Seven years later, in 1937, Suchoň penned his Sonatina for Violin and Piano, Op. 11. Again in three movements, the first has restless undercurrents, reinforced by an ostinato piano accompaniment. Then comes an introspective slow movement. Halfway through the violin assumes an improvisatory role in cadenza style, where it meanders occasionally into the very high reaches. The last movement is spiky and percussive, cast in a neoclassical style.

By 1963, when the Poeme macabre, for violin and piano, op. 17 was composed, Suchoň's compositional style has advanced enormously. The work is heavily dissonant with dense chromatic textures and strays into the realm of the atonal. The mood is one of terror, dread and even horror. It certainly packs a powerful punch. Of the three works, this one ranks as top of the list for me.

The selection of solo piano works span a period of just over 45 years. The earliest is the Little Suite with Passacaglia, Op. 3 (1931-1932), which Suchoň composed during his studies with Novák. It started life as a passacaglia, to which he added a three-movement suite, which opens with a prelude. This is recalled at the end in a Reminiscence. Two years later comes the Ballad Suite, Op. 9, a significant work in that it put the composer's name on the map, gaining him European recognition. Suchoň later orchestrated it. Emotionally wide-ranging and rhapsodic, the four-movement Suite opens with all guns blazing, with high end virtuosity called for. A tender Adagio follows. Then comes a scurrying scherzo-like movement, preceding a Largo, con malinconia finale bathed in pathos. Ladislav Fanzowitz meets the demanding technical challenges head-on in a performance of stunning virtuosity.

Fast forward to 1951 and we have the Metamorphoses, five variations on original themes for piano. It's another large-scale canvas. I was struck by the similarity of the opening movement to the equivalent in the Little Suite. The second is lyrically alluring. Then comes a whimsical and capricious third movement. The fourth is fluid and glistening, whilst the final movement hits you with its ferocity. Elegy (1978) was the composer's last original piece for the piano and serves as a quiet leave-taking; it sounds like something Webern could have penned.
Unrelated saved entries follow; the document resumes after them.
lemma weight_pos:
  assumes "s \<subseteq> \<Union>X" "openin T (stab G act s)" "compactin T (stab G act s)"
  shows "weight s > 0"
  unfolding weight_def using left_haar assms(2,3) subgroup.one_closed[OF stab_subgroup[OF assms(1)]]
  by (intro left_haar_measure_open_compact_pos) auto

lemma weight_image_act:
  assumes "g \<in> carrier G" "s \<subseteq> \<Union>X" "openin T (stab G act s)"
  shows "weight (act g ` s) = weight s"
  unfolding weight_def measure_def stab_image_act[OF assms(1,2)]
  using unimodular_haar_conjugation_invariant[OF topological_group unimodular assms(1,3)] by simp

lemma weight_orbit_index:
  assumes "s \<subseteq> \<Union>X" "t \<subseteq> \<Union>X" "stab G act s \<subseteq> stab G act t"
    and "openin T (stab G act s)" "compactin T (stab G act s)"
    and "finite ((\<lambda>h. act h ` s) ` stab G act t)"
  shows "real (card ((\<lambda>h. act h ` s) ` stab G act t)) * weight s = weight t"
proof -
  let ?O = "(\<lambda>h. act h ` s) ` stab G act t"
  let ?C = "\<lambda>s'. {h \<in> stab G act t. act h ` s = s'}"
  have "stab G act t = (\<Union>s'\<in>?O. ?C s')" by blast
  then have "weight t = measure \<mu> (\<Union>s'\<in>?O. ?C s')" by (simp add: weight_def)
  also have "\<dots> = real (card ?O) * weight s"
    unfolding weight_def
  proof (rule left_haar_measure_disjoint_translates[OF topological_group left_haar assms(6) _ _ assms(4,5)])
    show "disjoint_family_on ?C ?O" by (auto simp: disjoint_family_on_def)
    fix s' assume "s' \<in> ?O"
    then obtain h0 where "h0 \<in> stab G act t" "s' = act h0 ` s" by blast
    then show "\<exists>h\<in>carrier G. ?C s' = (\<lambda>x. h \<otimes> x) ` stab G act s"
      using stab_fibre[OF stab_subgroup[OF assms(2)] assms(3) _ assms(1)] by (auto simp: stab_def)
  qed
  finally show ?thesis by simp
qed

end

section \<open>Norm estimates\<close>

lemma real_sqrt_le_self: "1 \<le> (c::real) \<Longrightarrow> sqrt c \<le> c"
proof -
  assume c: "1 \<le> c"
  then have "sqrt c * 1 \<le> sqrt c * sqrt c" by (intro mult_left_mono) auto
  then show "sqrt c \<le> c" using c by simp
qed

lemma one_le_norm_id_blinfun:
  fixes x :: "'a::real_normed_vector"
  assumes "x \<noteq> 0"
  shows "1 \<le> norm (id_blinfun :: 'a \<Rightarrow>\<^sub>L 'a)"
  using norm_blinfun[of id_blinfun x] assms by simp

lemma op_norm_on_le:
  assumes "\<And>\<phi>. \<phi> \<in> C \<Longrightarrow> N (P \<phi>) \<le> c * N \<phi>" "\<And>\<phi>. \<phi> \<in> C \<Longrightarrow> 0 \<le> N \<phi>"
  shows "op_norm_on C N P \<le> ereal c"
  unfolding op_norm_on_def
proof (rule SUP_least)
  fix \<phi> assume \<phi>: "\<phi> \<in> {\<phi> \<in> C. N \<phi> \<noteq> 0}"
  then have "0 < N \<phi>" using assms(2) by force
  then show "ereal (N (P \<phi>) / N \<phi>) \<le> ereal c" using assms(1) \<phi> by (simp add: divide_le_eq)
qed

lemma cnorm_nonneg: "0 \<le> cnorm \<mu> G act D \<phi>"
  unfolding cnorm_def by (intro real_sqrt_ge_zero sum_nonneg divide_nonneg_nonneg) auto

lemma le_SUP_ereal_if_bounds:
  fixes x :: ereal and f :: "'a \<Rightarrow> real"
  assumes "\<And>c. (\<And>g. g \<in> K \<Longrightarrow> f g \<le> c) \<Longrightarrow> x \<le> ereal c"
  shows "x \<le> (SUP g\<in>K. ereal (f g))"
proof (cases "SUP g\<in>K. ereal (f g)")
  case (real s)
  then have "f g \<le> s" if "g \<in> K" for g
    using SUP_upper[OF that, of "\<lambda>g. ereal (f g)"] by simp
  then show ?thesis using assms real by simp
next
  case PInf
  then show ?thesis by simp
next
  case MInf
  then have "K = {}" using SUP_upper[of _ K "\<lambda>g. ereal (f g)"] by force
  then have "x = -\<infinity>" using assms by (intro ereal_bot) simp
  then show ?thesis by simp
qed

lemma norm_average_sq_le:
  fixes f :: "'a \<Rightarrow> 'b::real_normed_vector"
  assumes "finite A" "A \<noteq> {}"
  shows "(norm ((1 / real (card A)) *\<^sub>R (\<Sum>x\<in>A. f x)))\<^sup>2 \<le> (\<Sum>x\<in>A. (norm (f x))\<^sup>2) / real (card A)"
proof -
  let ?k = "real (card A)"
  have k: "?k > 0" using assms by (simp add: card_gt_0_iff)
  have "norm ((1 / ?k) *\<^sub>R (\<Sum>x\<in>A. f x)) \<le> (\<Sum>x\<in>A. norm (f x)) / ?k"
    using k norm_sum[of f A] by (simp add: divide_right_mono)
  then have "(norm ((1 / ?k) *\<^sub>R (\<Sum>x\<in>A. f x)))\<^sup>2 \<le> ((\<Sum>x\<in>A. norm (f x)) / ?k)\<^sup>2"
    by (rule power_mono) simp
  also have "\<dots> \<le> (\<Sum>x\<in>A. (norm (f x))\<^sup>2) * ?k / ?k\<^sup>2"
    unfolding power_divide using sum_squared_le_sum_of_squares[of "\<lambda>x. norm (f x)" A]
    by (simp add: divide_right_mono)
  also have "\<dots> = (\<Sum>x\<in>A. (norm (f x))\<^sup>2) / ?k"
    using k by (simp add: power2_eq_square)
  finally show ?thesis .
qed

section \<open>Averaging over the chambers at a panel\<close>

locale panel_averaging = haar_simplicial_action G act X vtype T \<mu>
  for G :: "'g monoid" (structure) and act :: "'g \<Rightarrow> 'v \<Rightarrow> 'v" and X :: "'v set set"
    and vtype :: "'v \<Rightarrow> nat" and T :: "'g topology" and \<mu> :: "'g measure" +
  fixes n :: nat and \<nu> :: "nat set" and Dn1 Dn :: "'v set set"
  assumes n_pos: "n \<ge> 1"
    and pure: "pure_dim X n"
    and part: "partite X n vtype"
    and finite_links: "\<forall>\<tau>\<in>cfaces X (n - 1). finite {v. {v} \<in> link X \<tau>}"
    and cocompact: "cocompact_action G act X"
    and stab_open_compact: "\<forall>\<tau>\<in>cfaces X n \<union> cfaces X (n + 1).
        openin T (stab G act \<tau>) \<and> compactin T (stab G act \<tau>)"
    and D1: "orbit_representatives G act (cfaces X n) Dn1"
    and D0: "orbit_representatives G act (cfaces X (n + 1)) Dn"
    and nu: "\<nu> \<subseteq> {0..n}" "card \<nu> = n"
begin

abbreviation chambers :: "'v set set" where
  "chambers \<equiv> cfaces X (n + 1)"

definition panel :: "'v set \<Rightarrow> 'v set" where
  "panel \<sigma> = {v \<in> \<sigma>. vtype v \<in> \<nu>}"

definition chambers_at :: "'v set \<Rightarrow> 'v set set" where
  "chambers_at t = {\<sigma> \<in> chambers. panel \<sigma> = t}"

definition panel_reps :: "'v set set" where
  "panel_reps = {t \<in> Dn1. stype vtype t = \<nu>}"

lemma vtype_le: "v \<in> \<Union>X \<Longrightarrow> vtype v \<le> n"
  using part unfolding partite_def by (elim conjE) (rule bspec)

lemma chamber_type_ex1: "\<sigma> \<in> chambers \<Longrightarrow> i \<le> n \<Longrightarrow> \<exists>!v. v \<in> \<sigma> \<and> vtype v = i"
  using part unfolding partite_def by (elim conjE) simp

lemma chamber_vertex_unique:
  assumes "\<sigma> \<in> chambers" "u \<in> \<sigma>" "v \<in> \<sigma>" "vtype u = vtype v"
  shows "u = v"
proof -
  have "vtype u \<le> n" using assms(1,2) cfaces_vertices vtype_le by blast
  then have "\<exists>!w. w \<in> \<sigma> \<and> vtype w = vtype u" by (rule chamber_type_ex1[OF assms(1)])
  then show ?thesis using assms(2-4) by (metis (mono_tags))
qed

lemma stab_chamber_open: "\<sigma> \<in> chambers \<Longrightarrow> openin T (stab G act \<sigma>)"
  and stab_chamber_compact: "\<sigma> \<in> chambers \<Longrightarrow> compactin T (stab G act \<sigma>)"
  using stab_open_compact by blast+

lemma weight_chamber_pos: "\<sigma> \<in> chambers \<Longrightarrow> weight \<sigma> > 0"
  by (rule weight_pos[OF cfaces_vertices stab_chamber_open stab_chamber_compact])

lemma panel_subset: "panel \<sigma> \<subseteq> \<sigma>"
  unfolding panel_def by blast

lemma vtype_image_panel:
  assumes "\<sigma> \<in> chambers"
  shows "vtype ` panel \<sigma> = \<nu>"
proof
  show "vtype ` panel \<sigma> \<subseteq> \<nu>" unfolding panel_def by blast
  show "\<nu> \<subseteq> vtype ` panel \<sigma>"
  proof
    fix i assume i: "i \<in> \<nu>"
    then obtain v where "v \<in> \<sigma>" "vtype v = i"
      using chamber_type_ex1[OF assms] nu(1) by force
    then show "i \<in> vtype ` panel \<sigma>" using i unfolding panel_def by blast
  qed
qed

lemma panel_cfaces:
  assumes "\<sigma> \<in> chambers"
  shows "panel \<sigma> \<in> cfaces X n"
proof -
  have "inj_on vtype (panel \<sigma>)"
    using chamber_vertex_unique[OF assms] panel_subset by (meson inj_onI subsetD)
  then have "card (panel \<sigma>) = n"
    using card_image vtype_image_panel[OF assms] nu(2) by fastforce
  moreover have "panel \<sigma> \<in> X"
    using simplex_subset[OF cfaces_simplex[OF assms] panel_subset] .
  ultimately show ?thesis unfolding cfaces_def by blast
qed

lemma panel_unique:
  assumes "\<sigma> \<in> chambers" "\<tau> \<subseteq> \<sigma>" "stype vtype \<tau> = \<nu>"
  shows "\<tau> = panel \<sigma>"
proof
  show "\<tau> \<subseteq> panel \<sigma>" using assms(2,3) unfolding panel_def stype_def by blast
  show "panel \<sigma> \<subseteq> \<tau>"
  proof
    fix v assume v: "v \<in> panel \<sigma>"
    then obtain u where "u \<in> \<tau>" "vtype u = vtype v"
      using assms(3) unfolding panel_def stype_def by blast
    then show "v \<in> \<tau>"
      using chamber_vertex_unique[OF assms(1)] assms(2) v panel_subset by blast
  qed
qed

lemma nu_adj_iff_panel_eq:
  assumes "\<sigma> \<in> chambers" "\<sigma>' \<in> chambers"
  shows "nu_adj X vtype \<nu> \<sigma> \<sigma>' \<longleftrightarrow> panel \<sigma> = panel \<sigma>'"
proof
  assume "nu_adj X vtype \<nu> \<sigma> \<sigma>'"
  then obtain \<tau> where "\<tau> \<subseteq> \<sigma>" "\<tau> \<subseteq> \<sigma>'" "stype vtype \<tau> = \<nu>"
    unfolding nu_adj_def by blast
  then show "panel \<sigma> = panel \<sigma>'" using panel_unique assms by metis
next
  assume "panel \<sigma> = panel \<sigma>'"
  moreover have "stype vtype (panel \<sigma>) = \<nu>"
    using vtype_image_panel[OF assms(1)] by (simp add: stype_eq_image)
  ultimately show "nu_adj X vtype \<nu> \<sigma> \<sigma>'"
    unfolding nu_adj_def using panel_cfaces[OF assms(1)] panel_subset cfaces_subset
    by (metis Int_greatest subsetD)
qed

lemma panel_image_act:
  assumes "g \<in> carrier G" "\<sigma> \<subseteq> \<Union>X"
  shows "panel (act g ` \<sigma>) = act g ` panel \<sigma>"
  using vtype_act assms unfolding panel_def by force

lemma stab_chamber_subset_stab_panel:
  assumes "\<sigma> \<subseteq> \<Union>X"
  shows "stab G act \<sigma> \<subseteq> stab G act (panel \<sigma>)"
proof
  fix h assume "h \<in> stab G act \<sigma>"
  then have h: "h \<in> carrier G" "act h ` \<sigma> = \<sigma>" by (auto simp: stab_def)
  have "act h ` panel \<sigma> = panel (act h ` \<sigma>)" using panel_image_act[OF h(1) assms] by (rule sym)
  also have "\<dots> = panel \<sigma>" by (simp only: h(2))
  finally show "h \<in> stab G act (panel \<sigma>)" using h(1) by (simp add: stab_def)
qed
Toccata (1973) impresses with its busy figurations and virtuosic runs, interspersed with brutal declamatory chords

The music is beautifully recorded, with the chosen venue warm, responsive and sympathetic. Milan Paľa and Ladislav Fanzowitz clearly love this music and seem fully committed, bringing it to life in convincing and virile performances. This is unusual repertoire, and is certainly worth investigating.